À luz desses dados podemos entender melhor porque a pobreza no Brasil incide de forma aguda sobre a população mais jovem, com os 28% dos domicílios mais pobres do país abarcando a espantosa cifra de 45% do total de crianças com menos de 14 anos.
Quando a economia brasileira crescia a taxas elevadas, o laissez-faire demográfico era defendido com o argumento de que o crescimento populacional seria absorvido pela rápida expansão do mercado de trabalho. Isso não ocorreu. Imaginar agora que, com a queda da fecundidade, o problema populacional está resolvido é outra falácia trágica. Se é verdade que nada fizemos para refrear a "decolagem" da população no pós-guerra, isso não significa que a operação "aterrissagem", ora em curso, deva seguir pela mesma trilha.

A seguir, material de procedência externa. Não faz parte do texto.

(* Let $N\ge1$, $\theta\in[0,1)$, and real numbers $a_0,\dots,a_N$ with $\sum_k a_k^2=1$. Define the probability distribution $\Pr(l)=\frac{1}{N+1}\bigl|\sum_{k=0}^N a_k e^{2\pi i k(\theta-l/(N+1))}\bigr|^2$ for $l=0,\dots,N$, and $W=\sum_{l=0}^N\Pr(l)\bigl[1-\cos\bigl(2\pi(\theta-\tfrac{l}{N+1})\bigr)\bigr]$. Then $W=1-\sum_{k=1}^N a_{k-1}a_k-a_0a_N\cos(2\pi(N+1)\theta)$. Consequently, if $a_0=0$ then $W$ is independent of $\theta$, and the minimum of $W$ over all real $a_1,\dots,a_N$ with $\sum_{k=1}^N a_k^2=1$ (and $a_0=0$) equals $2\sin^2\frac{\pi}{2N+2}$, attained at $a_k=\sqrt{\frac{2}{N+1}}\sin\frac{k\pi}{N+1}$.
   Context: This $W$ is the expected value of $1-\cos(2\pi(\hat\theta-\theta))$ for the estimator $\hat\theta=l/(N+1)$ of the phase $\theta$ of $U=\mathrm{diag}(1,e^{2\pi i\theta})$ in the parallel entangled strategy with Fourier-basis measurement. *)

theory Defs
  imports Complex_Main
begin

definition Prob :: "nat \<Rightarrow> (nat \<Rightarrow> real) \<Rightarrow> real \<Rightarrow> nat \<Rightarrow> real" where
  "Prob N a \<theta> l = (1 / real (N + 1)) *
     (cmod (\<Sum>k=0..N. complex_of_real (a k) *
        cis (2 * pi * real k * (\<theta> - real l / real (N + 1))))) ^ 2"

definition W :: "nat \<Rightarrow> (nat \<Rightarrow> real) \<Rightarrow> real \<Rightarrow> real" where
  "W N a \<theta> = (\<Sum>l=0..N. Prob N a \<theta> l * (1 - cos (2 * pi * (\<theta> - real l / real (N + 1)))))"

definition a_opt :: "nat \<Rightarrow> nat \<Rightarrow> real" where
  "a_opt N k = sqrt (2 / real (N + 1)) * sin (real k * pi / real (N + 1))"
(* Let a target $T$ be fixed at a point $(x_T,y_T)\in\mathbb{R}^2$, and consider a UAV with dynamics $\dot x=V\cos\psi$, $\dot y=V\sin\psi$, $\dot\psi=\omega$, $V>0$ constant. Let $r(t)$ be the distance from the UAV to $T$ and $\theta(t)\in[0,2\pi)$ the bearing angle. Let the control input be $$\omega=\begin{cases} k\left[V\cos\!\left(\pi-\sin^{-1}\!\left(\frac{r_a}{r(t)}\right)\right)-\dot r(t)\right], & r(t)\ge r_a,\\ 0,&\text{otherwise},\end{cases}$$ with constants $k>0$ and $r_a\ge 0$. Then for any initial bearing $\theta(0)$ there exists $t^\star\ge 0$ such that $\theta(t)\in[0,\pi]$ for all $t\ge t^\star$.
   Context: The bearing angle $\theta(t)\in[0,2\pi)$ is the angle measured counterclockwise from the vector pointing from the UAV's current position to $T$ to the UAV's current heading $(\cos\psi,\sin\psi)$. In these variables the dynamics read $\dot r=-V\cos\theta$, $\dot\theta=\omega+\frac{V\sin\theta}{r}$. $\sin^{-1}$ is the principal arcsine. *)

theory Defs
  imports "HOL-Analysis.Analysis"
begin

definition bearing :: "real \<Rightarrow> real" where
  "bearing a = a - 2 * pi * of_int \<lfloor>a / (2 * pi)\<rfloor>"

definition ctrl :: "real \<Rightarrow> real \<Rightarrow> real \<Rightarrow> real \<Rightarrow> real \<Rightarrow> real" where
  "ctrl k V ra rr rd =
     (if rr \<ge> ra then k * (V * cos (pi - arcsin (ra / rr)) - rd) else 0)"

end

theory Submission
  imports Defs
begin

text \<open>
  Let th be the continuous lift of the bearing angle, so th' = \<omega> + V sin th / r. Every band
  [2\<pi>m, 2\<pi>m + \<pi>] is forward invariant: just above its top edge sin th and cos th are both
  negative, so both terms of th' are negative; just below its bottom edge th' is bounded below by a
  linear function of the distance to the edge, and a Gronwall barrier keeps th in the band.
  If th never entered a band, by the intermediate value theorem it would stay in some
  (2\<pi>m - \<pi>, 2\<pi>m). While th - 2\<pi>m \<ge> -\<pi>/2 the range does not grow and
  th + (k + 1/r 0) r decreases at rate at least V / r 0, impossible for a bounded quantity.
  Once th - 2\<pi>m < -\<pi>/2 it stays below that value, so the range grows linearly beyond ra; from
  then on the control turns th down at a uniform rate and th leaves (2\<pi>m - \<pi>, 2\<pi>m).
\<close>

lemma last_crossing:
  fixes g :: "real \<Rightarrow> real"
  assumes "a \<le> b" and cont: "continuous_on {a..b} g" and "g a \<le> y" "y < g b"
  obtains m where "m \<in> {a..<b}" "g m = y" "\<forall>t\<in>{m<..b}. y < g t"
proof -
  let ?K = "{a..b} \<inter> g -` {..y}"
  have "closed ?K"
    by (rule continuous_closed_preimage[OF cont]) auto
  then have "compact ?K"
    by (simp add: compact_eq_bounded_closed bounded_Int)
  moreover have "a \<in> ?K" using assms by auto
  ultimately obtain m where mK: "m \<in> ?K" and m_max: "\<forall>t\<in>?K. t \<le> m"
    using compact_attains_sup by blast
  have above: "y < g t" if "t \<in> {m<..b}" for t
  proof (rule ccontr)
    assume "\<not> y < g t"
    then have "t \<in> ?K" using mK that by auto
    then have "t \<le> m" using m_max by blast
    then show False using that by simp
  qed
  have "m < b" using mK assms by (cases "m = b") auto
  moreover have "g m = y"
  proof (rule ccontr)
    assume "g m \<noteq> y"
    then have "g m < y" using mK by auto
    then obtain s where "s \<in> {m..b}" "g s = y"
      using IVT'[of g m y b] mK assms continuous_on_subset[OF cont, of "{m..b}"] by auto
    then show False using above[of s] \<open>g m < y\<close> by (cases "s = m") auto
  qed
  ultimately show thesis using that above mK by auto
qed

lemma DERIV_neg_imp_nonincreasing_countable:
  fixes g g' :: "real \<Rightarrow> real"
  assumes "a \<le> b" and cont: "continuous_on {a..b} g" and "countable S"
    and deriv: "\<And>x. x \<in> {a..b} - S \<Longrightarrow> (g has_real_derivative g' x) (at x within {a..b})"
    and neg: "\<And>x. x \<in> {a..b} - S \<Longrightarrow> g' x < 0"
  shows "g b \<le> g a"
proof (rule ccontr)
  assume "\<not> g b \<le> g a"
  have "\<exists>m. m \<in> {a..<b} \<and> g m = y \<and> (\<forall>t\<in>{m<..b}. y < g t)" if "y \<in> {g a<..<g b}" for y
    using last_crossing[OF \<open>a \<le> b\<close> cont, of y] that by (metis greaterThanLessThan_iff less_le)
  then obtain m where m: "\<And>y. y \<in> {g a<..<g b} \<Longrightarrow>
      m y \<in> {a..<b} \<and> g (m y) = y \<and> (\<forall>t\<in>{m y<..b}. y < g t)"
    by metis
  \<comment> \<open>the last crossings of the levels in (g a, g b) are distinct points of S\<close>
  have "m y \<in> S" if y: "y \<in> {g a<..<g b}" for y
  proof (rule ccontr)
    assume "m y \<notin> S"
    with m[OF y] have x: "m y \<in> {a..b} - S" by auto
    obtain d where "d > 0" and d: "\<And>h. 0 < h \<Longrightarrow> m y + h \<in> {a..b} \<Longrightarrow> h < d \<Longrightarrow> g (m y + h) < g (m y)"
      using has_real_derivative_neg_dec_right[OF deriv[OF x] neg[OF x]] by metis
    define h where "h = min d (b - m y) / 2"
    have "0 < h" "h < d" "m y + h \<in> {m y<..b}" using \<open>d > 0\<close> m[OF y] by (auto simp: h_def min_def field_simps)
    then show False using d[of h] m[OF y] by force
  qed
  moreover have "inj_on m {g a<..<g b}"
    using m by (metis inj_onI)
  ultimately have "countable {g a<..<g b}"
    using \<open>countable S\<close> by (metis countable_image_inj_on countable_subset image_subsetI)
  then show False using \<open>\<not> g b \<le> g a\<close> uncountable_open_interval[of "g a" "g b"] by auto
qed

lemma DERIV_le_imp_increment_le_countable:
  fixes f f' :: "real \<Rightarrow> real"
  assumes "a \<le> b" and cont: "continuous_on {a..b} f" and "countable S"
    and deriv: "\<And>x. x \<in> {a..b} - S \<Longrightarrow> (f has_real_derivative f' x) (at x within {a..b})"
    and le: "\<And>x. x \<in> {a..b} - S \<Longrightarrow> f' x \<le> C"
  shows "f b - f a \<le> C * (b - a)"
proof (rule ccontr)
  assume gt: "\<not> f b - f a \<le> C * (b - a)"
  then have "a < b" using \<open>a \<le> b\<close> by (cases "a = b") auto
  define c where "c = (f b - f a - C * (b - a)) / (2 * (b - a))"
  have "c > 0" using gt \<open>a < b\<close> by (simp add: c_def)
  have "(\<lambda>t. f t - (C + c) * t) b \<le> (\<lambda>t. f t - (C + c) * t) a"
  proof (rule DERIV_neg_imp_nonincreasing_countable[OF \<open>a \<le> b\<close> _ \<open>countable S\<close>])
    show "continuous_on {a..b} (\<lambda>t. f t - (C + c) * t)"
      by (intro continuous_intros cont)
    fix x assume x: "x \<in> {a..b} - S"
    show "((\<lambda>t. f t - (C + c) * t) has_real_derivative f' x - (C + c)) (at x within {a..b})"
      using deriv[OF x] by (auto intro!: derivative_eq_intros)
    show "f' x - (C + c) < 0" using le[OF x] \<open>c > 0\<close> by simp
  qed
  then have "f b - f a \<le> (C + c) * (b - a)" by (simp add: algebra_simps)
  moreover have "2 * ((C + c) * (b - a)) = C * (b - a) + (f b - f a)"
    using \<open>a < b\<close> by (simp add: c_def field_simps)
  ultimately show False using gt by linarith
qed
lemma in_hewittI:
  assumes b: "b \<in> topspace B"
    and squashed: "\<And>f. continuous_map X euclideanreal f \<Longrightarrow>
      \<exists>k. continuous_map B euclideanreal k \<and> (\<forall>x\<in>topspace X. k (e x) = squash (f x)) \<and> k b \<in> {0<..<1}"
  shows "b \<in> hewitt X B e"
  unfolding hewitt_def
proof (intro CollectI conjI allI impI b)
  fix f assume "continuous_map X euclideanreal f"
  then obtain k where k: "continuous_map B euclideanreal k"
      "\<And>x. x \<in> topspace X \<Longrightarrow> k (e x) = squash (f x)" "k b \<in> {0<..<1}"
    using squashed by blast
  define S where "S = subtopology B (insert b (e ` topspace X))"
  have "continuous_map S euclideanreal k"
    unfolding S_def using k(1) by (rule continuous_map_from_subtopology)
  moreover have "k \<in> topspace S \<rightarrow> {0<..<1}"
    using k(2,3) squash_range by (auto simp: S_def)
  ultimately have "continuous_map S (top_of_set {0<..<1}) k"
    by (simp add: continuous_map_in_subtopology)
  then have "continuous_map S euclideanreal (unsquash \<circ> k)"
    using continuous_map_unsquash by (rule continuous_map_compose)
  moreover have "\<forall>x\<in>topspace X. (unsquash \<circ> k) (e x) = f x"
    using k(2) by simp
  ultimately show "\<exists>g. continuous_map (subtopology B (insert b (e ` topspace X))) euclideanreal g \<and>
      (\<forall>x\<in>topspace X. g (e x) = f x)"
    unfolding S_def by (intro exI[of _ "unsquash \<circ> k"] conjI)
qed

lemma hewitt_extend:
  assumes X: "normal_space X" and Y: "closedin X Y" and p: "p \<in> hewitt X B e"
    and g: "continuous_map (subtopology X Y) euclideanreal g"
  obtains G where "continuous_map (subtopology B (insert p (e ` Y))) euclideanreal G"
    "\<And>y. y \<in> Y \<Longrightarrow> G (e y) = g y"
proof -
  have YX: "Y \<subseteq> topspace X"
    using Y closedin_subset by blast
  obtain F where F: "continuous_map X euclideanreal F" "\<And>y. y \<in> Y \<Longrightarrow> F y = g y"
    using Tietze_extension_realinterval[OF X Y, of UNIV g] g by auto
  then obtain G where G: "continuous_map (subtopology B (insert p (e ` topspace X))) euclideanreal G"
      "\<forall>x\<in>topspace X. G (e x) = F x"
    using p unfolding hewitt_def by blast
  have "continuous_map (subtopology B (insert p (e ` Y))) euclideanreal G"
    by (rule continuous_map_from_subtopology_mono[OF G(1)]) (use YX in auto)
  moreover have "G (e y) = g y" if "y \<in> Y" for y
    using F(2) G(2) YX that by auto
  ultimately show thesis
    by (rule that)
qed
lemma mrca_exists:
  assumes "rooted_binary_tree X T" "c \<in> T" "a \<in> c" "b \<in> c"
  obtains m where "is_mrca T m a b" "m \<subseteq> c"
proof -
  let ?A = "{d \<in> T. a \<in> d \<and> b \<in> d}"
  have "finite ?A"
    using rooted_binary_tree_finite(1)[OF assms(1)] by simp
  then obtain m where m: "m \<in> ?A" "m \<subseteq> c" and min: "\<forall>d\<in>?A. d \<subseteq> m \<longrightarrow> m = d"
    using finite_has_minimal2[of ?A c] assms(2-4) by auto
  have "m \<subseteq> d" if "d \<in> ?A" for d
    using rooted_binary_treeD(4)[OF assms(1), of m d] m(1) min that by blast
  then have "is_mrca T m a b"
    using m(1) unfolding is_mrca_def by blast
  then show thesis
    using m(2) by (rule that)
qed

lemma mrca_internal_distinct:
  assumes "rooted_binary_tree X T" "is_mrca T c a b" "internal T c"
  shows "a \<noteq> b"
proof
  assume "a = b"
  have "{a} \<in> T"
    using assms(2) rooted_binary_treeD(2,3)[OF assms(1)] unfolding is_mrca_def by blast
  with \<open>a = b\<close> assms(2) have "c \<subseteq> {a}"
    unfolding is_mrca_def by blast
  then have "card c \<le> 1"
    using card_mono[of "{a}" c] by simp
  with assms(3) show False
    unfolding internal_def by simp
qed

lemma exists_child_containing:
  assumes "rooted_binary_tree X T" "internal T c" "x \<in> c"
  shows "\<exists>e\<in>children T c. x \<in> e"
proof -
  let ?A = "{e \<in> T. x \<in> e \<and> e \<subset> c}"
  have "c \<noteq> {x}"
    using assms(2) unfolding internal_def by auto
  then have "{x} \<in> ?A"
    using assms rooted_binary_treeD(2,3)[OF assms(1)] unfolding internal_def by blast
  moreover have "finite ?A"
    using rooted_binary_tree_finite(1)[OF assms(1)] by simp
  ultimately obtain e where e: "e \<in> ?A" and max: "\<forall>f\<in>?A. e \<subseteq> f \<longrightarrow> e = f"
    using finite_has_maximal2[of ?A "{x}"] by auto
  have "e \<in> children T c"
    unfolding children_def using e max by auto
  with e show ?thesis
    by blast
qed

lemma children_disjoint:
  assumes "rooted_binary_tree X T" "e \<in> children T c" "f \<in> children T c" "e \<noteq> f"
  shows "e \<inter> f = {}"
  using rooted_binary_treeD(4)[OF assms(1), of e f] assms(2-4) unfolding children_def by auto
lemma finite_reachable_imp_recurrent:
  assumes "finite {y. R\<^sup>*\<^sup>* x y}"
  obtains z where "R\<^sup>*\<^sup>* x z" "recurrent R z"
proof -
  define reach where "reach y = {z. R\<^sup>*\<^sup>* y z}" for y
  \<comment> \<open>a state with the fewest successors cannot reach a state from which it is unreachable\<close>
  obtain z where xz: "R\<^sup>*\<^sup>* x z" and least: "\<And>y. R\<^sup>*\<^sup>* x y \<Longrightarrow> card (reach z) \<le> card (reach y)"
    using ex_has_least_nat[of "R\<^sup>*\<^sup>* x" x "\<lambda>y. card (reach y)"] by auto
  have "R\<^sup>*\<^sup>* y z" if zy: "R\<^sup>*\<^sup>* z y" for y
  proof -
    have "reach y \<subseteq> reach z" "reach z \<subseteq> {y. R\<^sup>*\<^sup>* x y}"
      using zy xz unfolding reach_def by (auto intro: rtranclp_trans)
    moreover have "card (reach z) \<le> card (reach y)"
      using least xz zy by (meson rtranclp_trans)
    ultimately have "reach y = reach z"
      using assms by (meson card_seteq finite_subset)
    then show ?thesis
      unfolding reach_def by auto
  qed
  then show thesis
    using that xz unfolding recurrent_def by blast
qed

section \<open>Reachable configurations\<close>

text \<open>A process sitting on node x can only leave it when x itself fires.\<close>

lemma enabled_before_move:
  assumes "(step_any Ng)\<^sup>*\<^sup>* X G" "step Ng G m b H" "p \<in> ndom Ng m" "X p = {x}"
  shows "\<exists>G'. (step_any Ng)\<^sup>*\<^sup>* X G' \<and> enabled Ng G' x"
  using assms
proof (induction arbitrary: x rule: converse_rtranclp_induct)
  case base
  then show ?case
    unfolding step_def enabled_def by auto
next
  case (step X Y)
  then obtain m' b' where s: "step Ng X m' b' Y"
    unfolding step_any_def by blast
  show ?case
  proof (cases "p \<in> ndom Ng m'")
    case True
    then show ?thesis
      using s step.prems unfolding step_def enabled_def by auto
  next
    case False
    then have "Y p = {x}"
      using s step.prems unfolding step_def by auto
    then show ?thesis
      using step by (meson converse_rtranclp_into_rtranclp)
  qed
qed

Uma política ativa de planejamento familiar, incluindo a legalização do aborto, incentivos à família reduzida e programas de educação, aconselhamento e propaganda, não resolverá por si mesma nossos graves problemas sociais. Mas é difícil conceber um programa sério de redução da pobreza, formação de capital humano, emancipação feminina e conservação da natureza do qual ela não faça parte. A omissão significa prosseguir na rota do laissez-faire demográfico.

EDUARDO GIANNETI DA FONSECA, 36, é professor da Faculdade de Economia da USP e autor de "Beliefs in Action" (Cambridge University Press) e "Vícios Privados, Benefícios Públicos?" (Companhia das Letras).